**EXERCISE**
In the entries below, spot each line with the word "using" and copy it.

(SOURCE INFORMATION)

lemma take_drop_window: "j + k \<le> n \<Longrightarrow> take k (drop j (window c a n)) = window c (a + int j) k"
  by (simp add: drop_window take_window)

lemma window_cong:
  "(\<And>t. t < n \<Longrightarrow> c (a + int t) = d (a + int t)) \<Longrightarrow> window c a n = window d a n"
  by (rule nth_equalityI) auto

lemma window_in_words_over: "c \<in> configs p \<Longrightarrow> window c a n \<in> words_over p"
  by (auto simp: configs_def words_over_def window_def)

lemma global_map_eq_window: "L + 1 + R = m \<Longrightarrow> global_map f L R c i = f (window c (i - int L) m)"
  by (simp add: global_map_def window_def)

lemma length_succ_word: "length (succ_word f m w) = length w - m + 1"
  by (simp add: succ_word_def)

lemma nth_succ_word: "j < length w - m + 1 \<Longrightarrow> succ_word f m w ! j = f (take m (drop j w))"
  by (simp add: succ_word_def del: upt_Suc)

lemma succ_word_eqI:
  assumes "length \<alpha> = length \<beta>" "m \<le> length \<alpha>"
    and "\<And>j. j + m \<le> length \<alpha> \<Longrightarrow> f (take m (drop j \<alpha>)) = f (take m (drop j \<beta>))"
  shows "succ_word f m \<alpha> = succ_word f m \<beta>"
proof (rule nth_equalityI)
  show "length (succ_word f m \<alpha>) = length (succ_word f m \<beta>)"
    using assms(1) by (simp add: length_succ_word)
next
  fix j assume "j < length (succ_word f m \<alpha>)"
  then have "j < length \<alpha> - m + 1" by (simp add: length_succ_word)
  then show "succ_word f m \<alpha> ! j = succ_word f m \<beta> ! j"
    using assms by (simp add: nth_succ_word)
qed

(End SOURCE INFORMATION)

**RESPONSE TO THE TASK**
    using assms(1) by (simp add: length_succ_word)
    using assms by (simp add: nth_succ_word)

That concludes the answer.